子どもの尋常小学校での就学の状況を、明治30年代頃を中心に「就学」、「不就学」、統計上に表れない子どもの順に見た。明治30年代には、就学率と、公立尋常小学校の児童数の割合の大幅な上昇という変化を見ることができた。これは行政の施策の結果であるともいえるが、その裏面には、統計上「居所不明」とされて行政の就学統計から排除された子どもがあり、また、行政によって存在を把握されていない子どももいたと推測される。そして、このような状況の前提として、子どもの就学に家庭の影響や決定があることをとらえることができる。
就学率や公立尋常小学校の児童数の割合の上昇という変化は、当時の行政の視点で見れば、家庭や保護者のいかんにかかわらず公立小学校での就学すなわち「国民ノ義務教育」が普及したということである。その上で土方(ひじかた)苑子(そのこ)はこの変化を、「国民すべてを対象とする均質な教育空間(24)」への包摂に向けた過程ととらえている。
土方は、「実際には、多様性、不平等が存在するからこそ国民としての「均質性」の虚構によって結び合わせるということを主張していたはずである。(中略)一九〇〇年頃の東京市はまさにそういう状態だったのではないだろうか(25)」と言う。
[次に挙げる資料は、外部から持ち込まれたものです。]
lemma degree_bounded_in_exchange_ring:
  assumes z: "z \<in> L_ring m n t X"
    and deg: "z * X' ^ N \<in> degree_span i (\<lambda>k. 1 - int N \<le> k)"
  shows "z \<in> exchange_ring i"
proof -
  let ?R = "subring_gen (gens_without i)"
  interpret normalized_subring ?R "X (\<ee> i)"
    using X_commute[OF _ lattice_unitvec[OF i_mem]]
    by (intro normalized_subring_gens_without X_nonzero lattice_unitvec i_mem) blast
  have "z \<in> laurent_span ?R (X (\<ee> i))"
    using z subring_gen_adjoin_subset_laurent_span[of "gens_without i"]
    unfolding L_ring_eq by (auto intro: subring_gen.gen)
  then obtain G e where z_eq: "z = (\<Sum>a\<in>G. e a * X (\<ee> i) powi a)" and G: "finite G"
    and e: "\<And>a. a \<in> G \<Longrightarrow> e a \<in> ?R"
    unfolding laurent_span_def by blast
  define zp where "zp = (\<Sum>a\<in>G \<inter> {a. 0 < a}. e a * X (\<ee> i) powi a)"
  define zm where "zm = (\<Sum>a\<in>G - {a. 0 < a}. e a * X (\<ee> i) powi a)"
  have "z = zp + zm" unfolding z_eq zp_def zm_def by (rule sum.Int_Diff[OF G])
  have summand: "e a * X (\<ee> i) powi a * X' ^ N \<in> degree_span i (\<lambda>k. k = a - int N)"
    if "a \<in> G" for a
  proof -
    have "e a \<in> degree_span i (\<lambda>k. k = 0)"
      using e[OF that] subring_gen_gens_without_degree_zero by blast
    then have "e a * X (\<ee> i) powi a \<in> degree_span i (\<lambda>k. k = a)"
      by (rule degree_span_mult[OF _ X_unitvec_power_int_degree]) simp
    moreover have "X' ^ N \<in> degree_span i (\<lambda>k. k = int N * -1)"
      by (rule degree_span_power[OF mutated_var_degree])
    ultimately show ?thesis by (rule degree_span_mult) simp
  qed
  have "zm * X' ^ N \<in> degree_span i (\<lambda>k. k \<le> - int N)"
    unfolding zm_def sum_distrib_right
    by (rule degree_span_sum, rule degree_span_mono[OF summand]) auto
  moreover have "zp * X' ^ N \<in> degree_span i (\<lambda>k. 1 - int N \<le> k)"
    unfolding zp_def sum_distrib_right
    by (rule degree_span_sum, rule degree_span_mono[OF summand]) auto
  then have "z * X' ^ N - zp * X' ^ N \<in> degree_span i (\<lambda>k. 1 - int N \<le> k)"
    by (rule degree_span_diff[OF deg])
  then have "zm * X' ^ N \<in> degree_span i (\<lambda>k. 1 - int N \<le> k)"
    using \<open>z = zp + zm\<close> by (simp add: distrib_right)
  ultimately have "zm * X' ^ N = 0"
    by (rule degree_span_disjoint) auto
  then have "z = zp"
    using \<open>z = zp + zm\<close> mutated_var_nonzero by simp
  also have "zp \<in> exchange_ring i"
    unfolding zp_def using e by (intro sum_nonneg_powers_mem_exchange_ring X_mem_exchange_ring) auto
  finally show ?thesis .
qed
lemma ptr_right_idx0_k:
  "k \<noteq> idx0 \<Longrightarrow> ptr_right M idx0 k
     = M$(idx0,idx0)$(idx0,k) + of_real (diag_weight TYPE('n)) * M$(idx0,k)$(idx0,idx0)"
  unfolding ptr_right_def
  by (subst sum_UNIV_pair[of idx0 k])
     (auto intro: compat_col_nsupp simp: supp_def compat_col_swap compat_col_diag)

lemma ptr_right_k_l:
  assumes kl: "k \<noteq> idx0" "l \<noteq> idx0" "k \<noteq> l"
  shows "ptr_right M k l = M$(idx0,k)$(idx0,l)"
proof -
  have "ptr_right M k l = M $ (k, idx0) $ (l, idx0)"
    unfolding ptr_right_def
  proof (rule sum_UNIV_single)
    fix j :: 'n assume "j \<noteq> idx0"
    then show "M $ (k, j) $ (l, j) = 0"
      using kl by (cases "j = k") (auto intro: compat_col_nsupp compat_row_nsupp simp: supp_def)
  qed
  then show ?thesis using kl by (simp add: compat_row_swap compat_col_swap)
qed

lemma ptr_right_k_k:
  assumes k: "k \<noteq> idx0"
  shows "ptr_right M k k
     = M$(idx0,k)$(idx0,k) + (of_nat CARD('n) - 1) * M$(idx0,idx0)$(idx0,idx0)"
proof -
  have "ptr_right M k k
     = M$(idx0,k)$(idx0,k) + (of_real (diag_weight TYPE('n)))\<^sup>2 * M$(idx0,idx0)$(idx0,idx0)"
    unfolding ptr_right_def using k
    by (subst sum_UNIV_pair[of idx0 k])
       (auto intro: compat_col_nsupp simp: supp_def compat_col_swap compat_row_swap
          compat_col_diag compat_row_diag power2_eq_square)
  then show ?thesis by (simp only: diag_weight_sq_complex)
qed

end

lemma compatible_eqI:
  assumes "compatible M" "compatible M'" "\<And>c d. M$(idx0,c)$(idx0,d) = M'$(idx0,c)$(idx0,d)"
  shows "M = M'"
proof -
  have "\<And>q. \<exists>c. block_index q = (idx0,c)" by (auto simp: block_index_def)
  then have "\<And>p q. M$(block_index p)$(block_index q) = M'$(block_index p)$(block_index q)"
    using assms(3) by metis
  then show ?thesis
    unfolding vec_eq_iff using compat_block[OF assms(1)] compat_block[OF assms(2)] by metis
qed

lemma card_minus_two:
  assumes "CARD('n::finite) \<ge> 3"
  shows "(of_nat CARD('n) :: complex) - 2 \<noteq> 0"
proof
  assume "(of_nat CARD('n) :: complex) - 2 = 0"
  then have "(of_nat CARD('n) :: complex) = of_nat 2" by simp
  then have "CARD('n) = 2" by (simp only: of_nat_eq_iff)
  then show False using assms by simp
qed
土方が言う「親の属する社会集団による棲(す)み分け」は、職業の違いや財産・収入の階層差とともに、対抗的な文化の関係、保護者の選択・決定(特定の選択を強いられることも含めて)など、それだけを見ても多面的な意味を持っている。さまざまな不平等や多様性と「幻想上の均質性」の関係を考えていく課題は、明治
期のみならず現代までを通じて対象とし得るだろう。
一方で、本章のはじめで述べたように、保護者や家庭、行政や国家を、子どもに関わる諸関係としてとらえる視点を、ここで強調したい。本章で見た状況は、子どもに関わる、保護者の責任・権限と、行政による就学普及の、矛盾が表れる様相である。